Saturday at two o’clock, I went to see “Chicago” the musical at the Tulsa Performing Arts Center.
The musical started out with the piece “All That Jazz.” All of the individual dancing was good; however, collectively it started out clunky and unsynchronized. Additionally, the projected backdrop flickered noticeably. Not a good start. As the number progressed, though, the synchronicity of the dancing improved.
The music and singing were excellent. I had a few personal favorites which included “We Both Reached for the Gun,” sung by Billy Flynn (Scott Gaffen); “Razzle Dazzle,” also sung by Billy; and the finale, sung by Roxie (Blythe Nelson), Velma (Sara Wilemon) and the ensemble.
“We Both Reached for the Gun” was not only brilliant for its performance—Billy held Roxie as a ventriloquist would hold a dummy while answering questions directed towards her—but also for its satire. I found the piece greatly amusing and also saddening, as the two of them acted to fool the press into sympathizing with her.
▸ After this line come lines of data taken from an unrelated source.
lemma Fmin_Cstar_recurrent:
  assumes C: "C \<in> Cstar E H Cc G" and s: "s \<in> C" "s \<in> ground H"
  shows "Fmin H C \<in> Prec E H Cc G"
proof -
  have "(\<exists>z\<in>P. z \<in> ground H) \<and> (P, Fmin H C) \<in> (treach E H Cc G)\<^sup>*"
    if "(Fmin H C, P) \<in> (treach E H Cc G)\<^sup>*" for P
    using that
  proof (induction rule: rtrancl_induct)
    case base
    show ?case using ground_in_Fmin[OF s(2,1)] s(2) by auto
  next
    case (step Y Z)
    obtain z where z: "z \<in> Y" "z \<in> ground H" using step.IH by blast
    have "(Y, Fmin H C) \<in> (treach E H Cc G)\<^sup>*" using step.IH by blast
    with treach_from_ground_reversible(1)[OF step(2) z]
    have "(Z, Fmin H C) \<in> (treach E H Cc G)\<^sup>*" by (rule converse_rtrancl_into_rtrancl)
    then show ?case using treach_from_ground_reversible(2)[OF step(2) z] by blast
  qed
  then show ?thesis unfolding Prec_def using Fmin_in_Pstar[OF C] by blast
qed

lemma treach_rtrancl_in_Pstar: "(P, P') \<in> (treach E H Cc G)\<^sup>* \<Longrightarrow> P \<in> Pst \<Longrightarrow> P' \<in> Pst"
  by (erule rtranclE) (auto simp: treach_def)

lemma closed_classesE:
  assumes "K \<in> closed_classes E H Cc G"
  obtains P where "P \<in> Prec E H Cc G"
    "K = {P'. (P, P') \<in> (treach E H Cc G)\<^sup>* \<and> (P', P) \<in> (treach E H Cc G)\<^sup>*}"
  using assms unfolding closed_classes_def by blast

lemma closed_class_subset: "K \<in> closed_classes E H Cc G \<Longrightarrow> K \<subseteq> Pst"
  by (erule closed_classesE) (auto simp: Prec_def intro: treach_rtrancl_in_Pstar)

lemma closed_class_nonempty: "K \<in> closed_classes E H Cc G \<Longrightarrow> K \<noteq> {}"
  by (erule closed_classesE) auto

lemma closed_class_subset_if_meet:
  assumes "K1 \<in> closed_classes E H Cc G" "K2 \<in> closed_classes E H Cc G" "Q \<in> K1" "Q \<in> K2"
  shows "K1 \<subseteq> K2"
proof
  let ?R = "(treach E H Cc G)\<^sup>*"
  obtain P1 where K1: "K1 = {P'. (P1, P') \<in> ?R \<and> (P', P1) \<in> ?R}"
    using assms(1) by (rule closed_classesE)
  obtain P2 where K2: "K2 = {P'. (P2, P') \<in> ?R \<and> (P', P2) \<in> ?R}"
    using assms(2) by (rule closed_classesE)
  have Q: "(P1, Q) \<in> ?R" "(Q, P1) \<in> ?R" "(P2, Q) \<in> ?R" "(Q, P2) \<in> ?R"
    using assms(3,4) unfolding K1 K2 by auto
  fix x assume "x \<in> K1"
  then have x: "(P1, x) \<in> ?R" "(x, P1) \<in> ?R" unfolding K1 by auto
  have "(P2, x) \<in> ?R" using rtrancl_trans[OF rtrancl_trans[OF Q(3) Q(2)] x(1)] .
  moreover have "(x, P2) \<in> ?R" using rtrancl_trans[OF rtrancl_trans[OF x(2) Q(1)] Q(4)] .
  ultimately show "x \<in> K2" unfolding K2 by simp
qed

lemma closed_class_eq:
  assumes "K1 \<in> closed_classes E H Cc G" "K2 \<in> closed_classes E H Cc G" "Q \<in> K1" "Q \<in> K2"
  shows "K1 = K2"
  using closed_class_subset_if_meet[OF assms] closed_class_subset_if_meet[OF assms(2,1,4,3)] by simp

lemma PstarE:
  assumes "Q \<in> Pst"
  obtains C where "C \<in> Cc" "Q = Fmin H C" "Q \<noteq> {}"
proof -
  obtain C where C: "C \<in> Cstar E H Cc G" "Q = Fmin H C" using assms unfolding Pstar_def by blast
  have "C \<in> Cc" using C(1) by (rule Cstar_in_cycles)
  moreover have "C \<noteq> {}" using \<open>C \<in> Cc\<close> cycles_nonempty by auto
  ultimately show ?thesis using that C(2) Fmin_nonempty by blast
qed

lemma Pstar_disjoint:
  assumes Q: "Q1 \<in> Pst" "Q2 \<in> Pst" "x \<in> Q1" "x \<in> Q2"
  shows "Q1 = Q2"
proof -
  obtain C1 where C1: "C1 \<in> Cc" "Q1 = Fmin H C1" using Q(1) by (rule PstarE)
  obtain C2 where C2: "C2 \<in> Cc" "Q2 = Fmin H C2" using Q(2) by (rule PstarE)
  have "x \<in> C1 \<inter> C2" using Q(3,4) C1(2) C2(2) Fmin_subset[of H C1] Fmin_subset[of H C2] by blast
  then have "C1 = C2" using disjointD[OF cycles_disjoint C1(1) C2(1)] by blast
  then show ?thesis using C1 C2 by simp
qed

lemma Union_closed_class_nonempty:
  assumes "K \<in> closed_classes E H Cc G"
  shows "\<Union>K \<noteq> {}"
proof -
  obtain Q where "Q \<in> K" using closed_class_nonempty[OF assms] by blast
  moreover have "Q \<noteq> {}" using closed_class_subset[OF assms] \<open>Q \<in> K\<close> PstarE by blast
  ultimately show ?thesis by blast
qed

lemma Union_closed_class_eq:
  assumes "K1 \<in> closed_classes E H Cc G" "K2 \<in> closed_classes E H Cc G" "x \<in> \<Union>K1" "x \<in> \<Union>K2"
  shows "K1 = K2"
proof -
  obtain Q1 Q2 where Q: "Q1 \<in> K1" "Q2 \<in> K2" "x \<in> Q1" "x \<in> Q2" using assms(3,4) by blast
  have "Q1 \<in> Pst" "Q2 \<in> Pst" using closed_class_subset assms(1,2) Q(1,2) by blast+
  then have "Q1 = Q2" using Pstar_disjoint Q(3,4) by blast
  then show ?thesis using closed_class_eq[OF assms(1,2) Q(1)] Q(2) by simp
qed

lemma Prec_in_closed_class:
  assumes "P \<in> Prec E H Cc G"
  obtains K where "K \<in> closed_classes E H Cc G" "P \<in> K"
proof
  let ?K = "{P'. (P, P') \<in> (treach E H Cc G)\<^sup>* \<and> (P', P) \<in> (treach E H Cc G)\<^sup>*}"
  show "?K \<in> closed_classes E H Cc G" unfolding closed_classes_def using assms by blast
  show "P \<in> ?K" by simp
qed

lemma Cstar_separation:
  assumes C: "C \<in> Cstar E H Cc G" and p: "p \<in> Fmin H C" and q: "q \<notin> C"
  shows "H p + G \<le> Phi E H p q"
proof -
  have "p \<in> C" "H p = Min (H ` C)" using p by (simp_all add: Fmin_iff)
  obtain b where "b \<in> bd E C" "H b \<le> Phi E H p q"
    using Phi_ge_boundary[OF \<open>p \<in> C\<close> q] .
  then show ?thesis using Cstar_gap[OF C \<open>b \<in> bd E C\<close>] \<open>H p = Min (H ` C)\<close> by linarith
qed

end

section \<open>The hierarchy\<close>

definition next_plateaux :: "('a \<Rightarrow> 'a \<Rightarrow> bool) \<Rightarrow> ('a \<Rightarrow> real) \<Rightarrow> 'a set set \<Rightarrow> 'a set set \<Rightarrow> 'a set set"
  where "next_plateaux E H Cc Ps = Union ` closed_classes E H Cc (Gstar E H Ps)"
“Razzle Dazzle” was similarly brilliant. This one satirized how, as a consequence of jurors’ being human, smoke and mirrors were the only necessary requisites to getting someone free. As Billy said, “It’s all a circus, kid. A three ring circus. These trials—the whole world—all show business.” I particularly liked the glitter on Billy’s suit at this point because it demonstrated in a literal way how gilded and superficial the whole ordeal was.
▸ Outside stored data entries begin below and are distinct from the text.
lemma has_sum_Vbin_n_Suc:
  assumes c: "c \<in> C" and K: "\<And>c'. c' \<in> C \<Longrightarrow> \<bar>Vb n c'\<bar> \<le> K"
  shows "((\<lambda>b. p c b * bellman (\<pi> c) (\<lambda>b'. Vb n (\<phi> b')) b) has_sum Vb (Suc n) c) B"
proof -
  let ?F = "\<lambda>b'. Vb n (\<phi> b')"
  let ?S = "\<lambda>b a. \<Sum>ob\<in>UNIV. Pobs T Ob b a ob * ?F (bupd T Ob b a ob)"
  have weighted: "(\<lambda>b. p c b * h b) summable_on B" if "\<And>b. b \<in> B \<Longrightarrow> \<bar>h b\<bar> \<le> H" for h H
    using that by (intro summable_on_weighted[OF p_sum[OF c] p_nonneg[OF c]])
  have reward: "((\<lambda>b. p c b * rb r b a) has_sum rphi r B p c a) B" for a
    unfolding rphi_def by (rule has_sum_infsum, rule weighted) (use abs_rb_le reach_is_dist in blast)
  have obs: "((\<lambda>b. p c b * ?S b a) has_sum infsum (\<lambda>c'. Pphi T Ob B p \<phi> c a c' * Vb n c') C) B" for a
  proof -
    have "infsum (\<lambda>c'. Pphi T Ob B p \<phi> c a c' * Vb n c') C = infsum (\<lambda>b. p c b * ?S b a) B"
      unfolding Pphi_def
      by (rule infsum_pushforward_kernel[where k = "\<lambda>b ob. \<phi> (bupd T Ob b a ob)"
            and P = "\<lambda>b. Pobs T Ob b a", OF p_sum[OF c] p_nonneg[OF c] is_dist_Pobs[OF reach_is_dist] _ K])
         (use phi_into bupd_in_reach in blast)+
    moreover have "(\<lambda>b. p c b * ?S b a) summable_on B"
      using K phi_into bupd_in_reach
      by (intro weighted abs_sum_dist_mult_le is_dist_Pobs reach_is_dist) blast+
    ultimately show ?thesis
      by simp
  qed
  have backup: "((\<lambda>b. p c b * qval ?F b a)
      has_sum rphi r B p c a + \<gamma> * infsum (\<lambda>c'. Pphi T Ob B p \<phi> c a c' * Vb n c') C) B" for a
  proof -
    have "((\<lambda>b. p c b * rb r b a + \<gamma> * (p c b * ?S b a))
        has_sum rphi r B p c a + \<gamma> * infsum (\<lambda>c'. Pphi T Ob B p \<phi> c a c' * Vb n c') C) B"
      by (intro has_sum_add reward has_sum_cmult_right obs)
    then show ?thesis
      unfolding qval_def by (simp add: algebra_simps)
  qed
  have "((\<lambda>b. \<Sum>a\<in>UNIV. \<pi> c a * (p c b * qval ?F b a)) has_sum
      (\<Sum>a\<in>UNIV. \<pi> c a * (rphi r B p c a + \<gamma> * infsum (\<lambda>c'. Pphi T Ob B p \<phi> c a c' * Vb n c') C))) B"
    by (intro has_sum_sum has_sum_cmult_right backup) simp
  moreover have "(\<lambda>b. \<Sum>a\<in>UNIV. \<pi> c a * (p c b * qval ?F b a)) = (\<lambda>b. p c b * bellman (\<pi> c) ?F b)"
    by (simp add: bellman_def sum_distrib_left mult.left_commute)
  ultimately show ?thesis
    by simp
qed

lemma abs_Vbin_n_le: "c \<in> C \<Longrightarrow> \<bar>Vb n c\<bar> \<le> Vmax"
proof (induction n arbitrary: c)
  case 0
  then show ?case using Vmax_nonneg by simp
next
  case (Suc n)
  show ?case
  proof (rule abs_has_sum_weighted_le[OF p_sum[OF Suc.prems] p_nonneg[OF Suc.prems]
        has_sum_Vbin_n_Suc[OF Suc.prems Suc.IH]])
    fix b assume "b \<in> B"
    then have "\<bar>bellman (\<pi> c) (\<lambda>b'. Vb n (\<phi> b')) b\<bar> \<le> Rmax + \<gamma> * Vmax"
      using phi_into Suc.IH by (intro abs_bellman_le is_dist_pi_bin Suc.prems) auto
    then show "\<bar>bellman (\<pi> c) (\<lambda>b'. Vb n (\<phi> b')) b\<bar> \<le> Vmax"
      by (simp only: Rmax_add_gamma_Vmax)
  qed
qed

lemma abs_Vbin_n_Suc_diff_le: "c \<in> C \<Longrightarrow> \<bar>Vb (Suc n) c - Vb n c\<bar> \<le> \<gamma> ^ n * Rmax"
proof (induction n arbitrary: c)
  case 0
  have "\<bar>Vb (Suc 0) c\<bar> \<le> Rmax"
  proof (rule abs_has_sum_weighted_le[OF p_sum[OF 0] p_nonneg[OF 0] has_sum_Vbin_n_Suc[OF 0, of 0 0]])
    fix b assume "b \<in> B"
    then have "\<bar>bellman (\<pi> c) (\<lambda>b'. Vb 0 (\<phi> b')) b\<bar> \<le> Rmax + \<gamma> * 0"
      by (intro abs_bellman_le is_dist_pi_bin 0) auto
    then show "\<bar>bellman (\<pi> c) (\<lambda>b'. Vb 0 (\<phi> b')) b\<bar> \<le> Rmax"
      by simp
  qed simp
  then show ?case
    by (simp only: Vbin_n.simps(1) diff_zero power_0 mult_1_left)
next
  case (Suc n)
  have "((\<lambda>b. p c b * (bellman (\<pi> c) (\<lambda>b'. Vb (Suc n) (\<phi> b')) b - bellman (\<pi> c) (\<lambda>b'. Vb n (\<phi> b')) b))
      has_sum Vb (Suc (Suc n)) c - Vb (Suc n) c) B"
    using has_sum_diff[OF has_sum_Vbin_n_Suc[OF Suc.prems abs_Vbin_n_le] has_sum_Vbin_n_Suc[OF Suc.prems abs_Vbin_n_le]]
    by (simp only: right_diff_distrib)
  then have "\<bar>Vb (Suc (Suc n)) c - Vb (Suc n) c\<bar> \<le> \<gamma> * (\<gamma> ^ n * Rmax)"
  proof (rule abs_has_sum_weighted_le[OF p_sum[OF Suc.prems] p_nonneg[OF Suc.prems]])
    fix b assume "b \<in> B"
    then show "\<bar>bellman (\<pi> c) (\<lambda>b'. Vb (Suc n) (\<phi> b')) b - bellman (\<pi> c) (\<lambda>b'. Vb n (\<phi> b')) b\<bar>
        \<le> \<gamma> * (\<gamma> ^ n * Rmax)"
      using phi_into Suc.IH by (intro abs_bellman_diff_le is_dist_pi_bin Suc.prems) auto
  qed
  then show ?case
    by (simp only: power_Suc mult.assoc)
qed

lemma Vbin_n_LIMSEQ:
  assumes "c \<in> C"
  shows "(\<lambda>n. Vb n c) \<longlonglongrightarrow> Vbin T Ob r \<gamma> B C p \<phi> \<pi> c"
proof -
  have "convergent (\<lambda>n. Vb n c)"
    by (rule convergent_if_increments_geometric[OF abs_Vbin_n_Suc_diff_le[OF assms] gamma_nonneg gamma_less_one])
  then show ?thesis
    unfolding Vbin_def by (simp add: convergent_LIMSEQ_iff)
qed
The finale was impressive for its performance overall, with a shocking and exciting confetti blast immediately before the final line of the song. The cast’s singing and dancing of the piece tied the whole musical together well.
But the musical was not always funny and lighthearted.
The innocent Hungarian woman Hunyak (Susan Nodo), who does not speak English, is hanged for murdering her husband. Her shouts of “Not guilty” (perhaps the only English that she knew) were haunting, and I felt nothing but pain and sorrow for her. She was, in the play, the first woman to be hanged in 47 years.
The most impressive performance was the piece “Mister Cellophane,” sung by Amos (David Blakely), Roxie’s husband. As the only self-sacrificing and morally inclined major character in the show, no one ever noticed him. And it was funny at first, until he realized that his wife was just using him. Then he merely appeared heartbroken, and I no longer found it amusing. Blakely played Amos phenomenally.
At one point Roxie made the claim “I love my husband,” and hymns of “Alleluia” were sung, mocking the lack of virtue that Roxie displayed (which is doubly humorous because she and Billy claimed that she was part of a convent for a while).
Overall, I thought that “Chicago” was outstanding despite its rocky start, and would highly recommend that everyone go see it if given the chance. The musical was made by its wonderful music, singing, dancing (after the first number), satire and all that jazz.